WHAT YOU ARE ASKED TO DO: Reprint the whole of the data exactly.

Dataset entries
========================

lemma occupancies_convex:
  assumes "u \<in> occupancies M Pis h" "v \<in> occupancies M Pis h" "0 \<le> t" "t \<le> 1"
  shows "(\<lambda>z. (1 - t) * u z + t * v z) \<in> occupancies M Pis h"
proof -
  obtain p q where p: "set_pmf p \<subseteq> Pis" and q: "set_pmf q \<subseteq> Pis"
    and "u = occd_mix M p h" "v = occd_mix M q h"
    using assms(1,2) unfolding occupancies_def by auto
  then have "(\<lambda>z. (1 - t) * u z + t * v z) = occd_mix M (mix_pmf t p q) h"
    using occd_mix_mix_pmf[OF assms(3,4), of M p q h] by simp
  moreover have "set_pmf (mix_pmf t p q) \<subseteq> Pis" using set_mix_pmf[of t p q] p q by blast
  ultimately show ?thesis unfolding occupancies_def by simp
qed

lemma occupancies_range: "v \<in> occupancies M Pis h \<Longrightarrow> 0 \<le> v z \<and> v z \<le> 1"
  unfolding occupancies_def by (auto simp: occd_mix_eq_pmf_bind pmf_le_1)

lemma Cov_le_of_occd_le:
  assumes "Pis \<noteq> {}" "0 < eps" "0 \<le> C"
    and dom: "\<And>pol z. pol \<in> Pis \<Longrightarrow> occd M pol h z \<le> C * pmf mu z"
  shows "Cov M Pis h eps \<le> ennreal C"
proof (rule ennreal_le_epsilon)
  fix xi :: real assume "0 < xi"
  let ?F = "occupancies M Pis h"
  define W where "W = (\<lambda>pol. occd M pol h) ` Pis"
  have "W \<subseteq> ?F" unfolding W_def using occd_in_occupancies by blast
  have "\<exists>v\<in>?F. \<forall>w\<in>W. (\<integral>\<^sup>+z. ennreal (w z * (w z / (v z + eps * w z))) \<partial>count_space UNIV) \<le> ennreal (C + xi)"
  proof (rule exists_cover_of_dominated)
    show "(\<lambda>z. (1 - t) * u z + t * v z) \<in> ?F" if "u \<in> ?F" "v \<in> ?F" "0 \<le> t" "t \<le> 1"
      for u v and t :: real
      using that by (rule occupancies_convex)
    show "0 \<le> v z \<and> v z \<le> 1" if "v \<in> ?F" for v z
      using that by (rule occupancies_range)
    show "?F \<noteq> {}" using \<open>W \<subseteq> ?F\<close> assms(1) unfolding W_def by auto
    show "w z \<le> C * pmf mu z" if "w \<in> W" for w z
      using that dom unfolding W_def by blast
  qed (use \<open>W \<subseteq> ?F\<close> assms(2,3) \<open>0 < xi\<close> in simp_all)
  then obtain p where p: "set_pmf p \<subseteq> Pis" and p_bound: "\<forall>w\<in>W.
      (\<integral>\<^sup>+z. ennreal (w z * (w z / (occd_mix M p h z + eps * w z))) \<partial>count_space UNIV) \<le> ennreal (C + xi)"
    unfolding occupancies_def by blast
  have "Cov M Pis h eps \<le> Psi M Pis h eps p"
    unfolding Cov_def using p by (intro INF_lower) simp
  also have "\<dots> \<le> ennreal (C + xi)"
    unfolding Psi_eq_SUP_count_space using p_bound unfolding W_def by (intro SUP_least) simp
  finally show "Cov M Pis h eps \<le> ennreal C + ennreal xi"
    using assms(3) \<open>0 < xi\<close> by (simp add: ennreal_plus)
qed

========================

OUTPUT FOR THIS EXERCISE:
lemma occupancies_convex:
  assumes "u \<in> occupancies M Pis h" "v \<in> occupancies M Pis h" "0 \<le> t" "t \<le> 1"
  shows "(\<lambda>z. (1 - t) * u z + t * v z) \<in> occupancies M Pis h"
proof -
  obtain p q where p: "set_pmf p \<subseteq> Pis" and q: "set_pmf q \<subseteq> Pis"
    and "u = occd_mix M p h" "v = occd_mix M q h"
    using assms(1,2) unfolding occupancies_def by auto
  then have "(\<lambda>z. (1 - t) * u z + t * v z) = occd_mix M (mix_pmf t p q) h"
    using occd_mix_mix_pmf[OF assms(3,4), of M p q h] by simp
  moreover have "set_pmf (mix_pmf t p q) \<subseteq> Pis" using set_mix_pmf[of t p q] p q by blast
  ultimately show ?thesis unfolding occupancies_def by simp
qed

lemma occupancies_range: "v \<in> occupancies M Pis h \<Longrightarrow> 0 \<le> v z \<and> v z \<le> 1"
  unfolding occupancies_def by (auto simp: occd_mix_eq_pmf_bind pmf_le_1)

lemma Cov_le_of_occd_le:
  assumes "Pis \<noteq> {}" "0 < eps" "0 \<le> C"
    and dom: "\<And>pol z. pol \<in> Pis \<Longrightarrow> occd M pol h z \<le> C * pmf mu z"
  shows "Cov M Pis h eps \<le> ennreal C"
proof (rule ennreal_le_epsilon)
  fix xi :: real assume "0 < xi"
  let ?F = "occupancies M Pis h"
  define W where "W = (\<lambda>pol. occd M pol h) ` Pis"
  have "W \<subseteq> ?F" unfolding W_def using occd_in_occupancies by blast
  have "\<exists>v\<in>?F. \<forall>w\<in>W. (\<integral>\<^sup>+z. ennreal (w z * (w z / (v z + eps * w z))) \<partial>count_space UNIV) \<le> ennreal (C + xi)"
  proof (rule exists_cover_of_dominated)
    show "(\<lambda>z. (1 - t) * u z + t * v z) \<in> ?F" if "u \<in> ?F" "v \<in> ?F" "0 \<le> t" "t \<le> 1"
      for u v and t :: real
      using that by (rule occupancies_convex)
    show "0 \<le> v z \<and> v z \<le> 1" if "v \<in> ?F" for v z
      using that by (rule occupancies_range)
    show "?F \<noteq> {}" using \<open>W \<subseteq> ?F\<close> assms(1) unfolding W_def by auto
    show "w z \<le> C * pmf mu z" if "w \<in> W" for w z
      using that dom unfolding W_def by blast
  qed (use \<open>W \<subseteq> ?F\<close> assms(2,3) \<open>0 < xi\<close> in simp_all)
  then obtain p where p: "set_pmf p \<subseteq> Pis" and p_bound: "\<forall>w\<in>W.
      (\<integral>\<^sup>+z. ennreal (w z * (w z / (occd_mix M p h z + eps * w z))) \<partial>count_space UNIV) \<le> ennreal (C + xi)"
    unfolding occupancies_def by blast
  have "Cov M Pis h eps \<le> Psi M Pis h eps p"
    unfolding Cov_def using p by (intro INF_lower) simp
  also have "\<dots> \<le> ennreal (C + xi)"
    unfolding Psi_eq_SUP_count_space using p_bound unfolding W_def by (intro SUP_least) simp
  finally show "Cov M Pis h eps \<le> ennreal C + ennreal xi"
    using assms(3) \<open>0 < xi\<close> by (simp add: ennreal_plus)
qed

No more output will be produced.